In terms of talent, there is an obvious gap.
”The raw talent there is better than the raw talent here,” Donohew said. ”A 13-year-old there is head and shoulders above where a 13-year-old here is. A big part of it is that they don’t have computers and they don’t have a PlayStation.
”The first thing I saw when I got there was a kid flying a kite. I remember thinking to myself, ‘When’s the last time I saw a kid fly a kite at home?’ It’s been forever.”
Survival of the fittest
Some of the less fortunate Dominican children received extra equipment the instructors had brought from home. Donohew quickly learned that distribution can be tricky.
”Our first day, one of the guys hands this little kid a glove and he just got drilled,” Donohew said. ”He’s on the bottom of the pile hanging on to that glove for dear life. But there was no way the other kids were going to get it from him.”
When the numbers of kids got too big, crowd control proved to be difficult.
”At the end of our clinic in San Pedro, things got real crazy,” Donohew said. ”Kids started to chase after the bus, while others were actually on it trying to get stuff. It was like, ‘Hey, we gotta go!’ But we couldn’t because there were kids everywhere.”
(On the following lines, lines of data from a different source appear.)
(* Let $g:\mathbb{R}^d\to\mathbb{R}$ be $\alpha$-strongly convex and $\beta$-smooth (twice differentiable), let $f\equiv0$, and let $\eta>0$. Let $\pi_\eta^X$ be the $X$-marginal of $\pi_\eta^{XY}\propto\exp[-g(y)-\frac1{2\eta}\|x-y\|_2^2]$ on $\mathbb{R}^d\times\mathbb{R}^d$, and $\nu\propto\exp(-g)$ (so $\pi_\eta^X=\nu*\mathcal N(0,\eta\mathbf I)$). Then $$D_{\mathrm{KL}}(\pi_\eta^X\|\nu)\le\frac{d\alpha}{2\beta}\Big[\exp\Big(\frac{2\beta^2\eta}{\alpha}\Big)-1\Big],\qquad \mathrm{TV}(\pi_\eta^X,\nu)\le\sqrt{\frac{d\alpha}{4\beta}\Big[\exp\Big(\frac{2\beta^2\eta}{\alpha}\Big)-1\Big]}.$$
   Context: $g$ is $\beta$-smooth if $g(x)-g(y)\le\nabla g(y)^T(x-y)+\frac\beta2\|x-y\|_2^2$ for all $x,y$; $\alpha$-strongly convex if $g(x)-g(y)\ge\nabla g(y)^T(x-y)+\frac\alpha2\|x-y\|_2^2$. $D_{\mathrm{KL}}(\mu\|\nu)=\int\mu\log\frac\mu\nu$; $\mathrm{TV}(\mu,\nu)=\frac12\|\mu-\nu\|_1$. *)

theory Defs
  imports "HOL-Analysis.Analysis"
begin

definition beta_smooth :: "('a::euclidean_space \<Rightarrow> real) \<Rightarrow> ('a \<Rightarrow> 'a) \<Rightarrow> real \<Rightarrow> bool" where
  "beta_smooth g grad \<beta> \<longleftrightarrow>
     (\<forall>x y. g x - g y \<le> grad y \<bullet> (x - y) + \<beta> / 2 * (norm (x - y))\<^sup>2)"

definition strongly_convex :: "('a::euclidean_space \<Rightarrow> real) \<Rightarrow> ('a \<Rightarrow> 'a) \<Rightarrow> real \<Rightarrow> bool" where
  "strongly_convex g grad \<alpha> \<longleftrightarrow>
     (\<forall>x y. g x - g y \<ge> grad y \<bullet> (x - y) + \<alpha> / 2 * (norm (x - y))\<^sup>2)"

definition gibbs_density :: "('a::euclidean_space \<Rightarrow> real) \<Rightarrow> 'a \<Rightarrow> real" where
  "gibbs_density g x = exp (- g x) / (LINT z|lborel. exp (- g z))"

definition joint_weight :: "('a::euclidean_space \<Rightarrow> real) \<Rightarrow> real \<Rightarrow> 'a \<Rightarrow> 'a \<Rightarrow> real" where
  "joint_weight g \<eta> x y = exp (- g y - (norm (x - y))\<^sup>2 / (2 * \<eta>))"

definition X_marginal_density :: "('a::euclidean_space \<Rightarrow> real) \<Rightarrow> real \<Rightarrow> 'a \<Rightarrow> real" where
  "X_marginal_density g \<eta> x =
     (LINT y|lborel. joint_weight g \<eta> x y) /
     (LINT x'|lborel. (LINT y|lborel. joint_weight g \<eta> x' y))"

definition KL_dens :: "('a::euclidean_space \<Rightarrow> real) \<Rightarrow> ('a \<Rightarrow> real) \<Rightarrow> real" where
  "KL_dens p q = (LINT x|lborel. p x * ln (p x / q x))"

definition TV_dens :: "('a::euclidean_space \<Rightarrow> real) \<Rightarrow> ('a \<Rightarrow> real) \<Rightarrow> real" where
  "TV_dens p q = (1/2) * (LINT x|lborel. \<bar>p x - q x\<bar>)"

end

theory Submission
  imports Defs "HOL-Probability.Probability"
begin

text \<open>
  Let \<open>q = exp (- g) / Z\<close> and let \<open>p = q \<star> \<gamma>\<^sub>\<eta>\<close> be its Gaussian smoothing, the law of \<open>Y + W\<close>
  with \<open>Y \<sim> q\<close> and independent \<open>W \<sim> N(0, \<eta> I)\<close>. At each \<open>x\<close>, \<open>p x / q x\<close> is the
  \<open>\<gamma>\<^sub>\<eta> (x - a) da\<close>-average of \<open>q a / q x = exp (g x - g a)\<close>, so Jensen's inequality for
  \<open>u ln u\<close> gives \<open>p x ln (p x / q x) \<le> \<integral> q a \<gamma>\<^sub>\<eta> (x - a) (g x - g a) da\<close>. Integrating in
  \<open>x\<close> (Fubini) yields \<open>KL(p \<parallel> q) \<le> E [g (Y + W) - g Y] \<le> \<beta> d \<eta> / 2\<close> by \<open>\<beta>\<close>-smoothness,
  since \<open>E W = 0\<close> and \<open>E \<parallel>W\<parallel>\<^sup>2 = d \<eta>\<close>; this is below both claimed bounds because
  \<open>x \<le> exp x - 1\<close>. The total variation bound follows from the pointwise inequality
  \<open>(\<surd>p - \<surd>q)\<^sup>2 \<le> p ln (p / q) - p + q\<close> and AM-GM. Strong convexity only provides a
  Gaussian upper bound on \<open>exp (- g)\<close>, which makes all the integrals involved finite.
\<close>

lemma amgm_mult_le: "0 < a \<Longrightarrow> (u::real) * w \<le> u\<^sup>2 / a + a * w\<^sup>2 / 4"
  using zero_le_power2[of "u - a * w / 2"]
  by (simp add: power2_eq_square field_simps)

lemma le_one_plus_power2: "(x::real) \<le> 1 + x\<^sup>2"
  using zero_le_power2[of "x - 1"] zero_le_power2[of x]
  unfolding power2_diff by (simp only: power_one mult_1_right)

lemma power2_norm_le_diff: "(norm (b::'a::real_normed_vector))\<^sup>2 \<le> 2 * (norm (b - a))\<^sup>2 + 2 * (norm a)\<^sup>2"
proof -
  have "norm b \<le> norm (b - a) + norm a"
    using norm_triangle_ineq[of "b - a" a] by simp
  then have "(norm b)\<^sup>2 \<le> (norm (b - a) + norm a)\<^sup>2"
    by (simp add: power_mono)
  also have "\<dots> \<le> 2 * (norm (b - a))\<^sup>2 + 2 * (norm a)\<^sup>2"
    using amgm_mult_le[of 2 "norm (b - a)" "norm a"] by (simp add: power2_sum)
  finally show ?thesis .
qed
The fields the groups played on left a little to be desired.
In Boca Chica, the baseball field doubles as a cow pasture.
”When we got out there early in the morning, they were out there sopping up the (rain) water with towels,” Donohew said. ”You knew it was a cow pasture because you could smell it.”
Other fields offered a barren landscape with half-built stadiums. One had frames left in the air when money ran out to continue building the roof. Another field bordered a jail and sat in the shadow of a 6-foot brick wall topped by barbed wire — the only thing separating the kids from the prison grounds.
Yet, wherever the Score International group went, kids came. They would accumulate around the instructors in large bunches, some climbing up on the dugout roofs to get a better view.
After the five-day clinic, Donohew’s flight arrived at Cleveland Hopkins Airport, eventually getting him home about 1 a.m. Excited to share his adventure with his wife, the couple stayed awaked until 3 a.m.
”When he came back, he was so changed,” Bonnie Donohew said. ”I could tell right away, and it made me so envious. His intensity was so palpable. Initially, we thought he’d go one time, but the memory of those kids’ faces were burned in his mind. It has opened a whole new world for him.”
One of the things Donohew promised his wife after arriving home was that he would watch the things he complained about.
”He said, ‘If I ever complain about the size of our home again you have permission to kick me in the butt,’ ” Bonnie Donohew said. ”Those kids, especially the ones without clothes who came out in their underwear, they left him very humbled.”
There is no need for a flier this time around.
It’s not a matter of if Donohew is planning a return trip to the Dominican Republic. The date — Nov. 18 — already is displayed prominently on the family calendar.
Now it’s merely a matter of who is going with him.